> **The problem**: Only the lines from the line containing "by (auto simp: weight_matrix_def" to the end of the entries should be repeated, exactly as they appear.

Dataset items
::::

lemma Lambda_seq_pow_index_subset_jet_image:
  assumes wm: "weight_matrix Mat" and rm: "R_moderate_growth Mat" and \<beta>: "\<beta> > 0" and n: "n \<ge> 1"
    and SV: "SV_estimate (Mat \<beta>) N s C"
  shows "Lambda_seq (seq_pow_index N n) \<subseteq> jet_image (E_roumieu Mat)"
proof
  fix a
  assume "a \<in> Lambda_seq (seq_pow_index N n)"
  then obtain F A B where A: "A \<ge> 0" and B: "B > 0" and F: "derivs_of (F 0) F" "\<And>k. F k 0 = a k"
    and F_bound: "\<And>k x. cmod (F k x) \<le> A * B ^ k * Mat \<beta> (n*(k+1)) powr (1/n)"
    using SV_estimate.complex_jet_extension[OF SV n] by metis
  obtain \<gamma> A' B' where \<gamma>: "\<gamma> > 0" "B' > 0"
    and growth: "\<And>k. Mat \<beta> (n*(k+1)) powr (1/n) \<le> A' * B' ^ k * Mat \<gamma> k"
    using R_moderate_growth_pow_index_bound[OF wm rm \<beta> n] by blast
  have "cmod (F k x) \<le> (A * A') * (B * B') ^ k * Mat \<gamma> k" for k x
    using order_trans[OF F_bound mult_left_mono[OF growth]] A B by (simp add: power_mult_distrib mult_ac)
  then have "\<exists>\<sigma>>0. \<exists>\<alpha>>0. \<exists>C. \<forall>x\<in>{- real m..real m}. \<forall>k. cmod (F k x) \<le> C * \<sigma> ^ k * Mat \<alpha> k" for m
    using \<gamma>(1) mult_pos_pos[OF B \<gamma>(2)] by blast
  then have "F 0 \<in> E_roumieu Mat" unfolding E_roumieu_def using F(1) by blast
  then show "a \<in> jet_image (E_roumieu Mat)" unfolding jet_image_def using F by blast
qed

theorem proposition5p3:
  fixes Mat Mat' :: "real \<Rightarrow> nat \<Rightarrow> real"
  assumes "weight_matrix Mat"
    and "nonquasianalytic_matrix Mat"
    and "R_moderate_growth Mat"
    and "\<And>\<alpha> k. \<alpha> > 0 \<Longrightarrow> Mat' \<alpha> k > 0"
    and "\<And>\<alpha>. \<alpha> > 0 \<Longrightarrow>
           liminf (\<lambda>k. ereal ((Mat' \<alpha> k / fact k) powr (1 / real k))) > 0"
    and "\<exists>\<alpha>0>0. (\<forall>\<alpha>>0. \<exists>n::nat. n \<ge> 1 \<and> seq_preceq (Mat' \<alpha>) (seq_pow_index (Mat' \<alpha>0) n))
                 \<and> (\<exists>\<beta>0>0. SV_rel (Mat' \<alpha>0) (Mat \<beta>0))"
  shows "Lambda_family Mat' \<subseteq> jet_image (E_roumieu Mat)"
proof
  fix a
  assume "a \<in> Lambda_family Mat'"
  then obtain \<alpha> where \<alpha>: "\<alpha> > 0" "a \<in> Lambda_seq (Mat' \<alpha>)" unfolding Lambda_family_def by blast
  obtain \<alpha>0 \<beta>0 n where \<alpha>0: "\<alpha>0 > 0" and \<beta>0: "\<beta>0 > 0" and SV: "SV_rel (Mat' \<alpha>0) (Mat \<beta>0)"
    and n: "n \<ge> 1" and preceq: "seq_preceq (Mat' \<alpha>) (seq_pow_index (Mat' \<alpha>0) n)"
    using assms(6) \<alpha>(1) by blast
  have "seq_pow_index (Mat' \<alpha>0) n k > 0" for k
    using assms(4)[OF \<alpha>0, of "n*k"] by (simp add: seq_pow_index_def)
  then have "a \<in> Lambda_seq (seq_pow_index (Mat' \<alpha>0) n)"
    using Lambda_seq_mono[OF preceq assms(4)[OF \<alpha>(1)]] \<alpha>(2) by blast
  moreover obtain s C where "SV_estimate (Mat \<beta>0) (Mat' \<alpha>0) s C"
    using SV_rel_imp_SV_estimate[OF SV] assms(1,2,4) \<alpha>0 \<beta>0
    by (auto simp: weight_matrix_def nonquasianalytic_matrix_def)
  ultimately show "a \<in> jet_image (E_roumieu Mat)"
    using Lambda_seq_pow_index_subset_jet_image[OF assms(1,3) \<beta>0 n] by blast
qed

end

::::

> **Solution to this task**:
    by (auto simp: weight_matrix_def nonquasianalytic_matrix_def)
  ultimately show "a \<in> jet_image (E_roumieu Mat)"
    using Lambda_seq_pow_index_subset_jet_image[OF assms(1,3) \<beta>0 n] by blast
qed

end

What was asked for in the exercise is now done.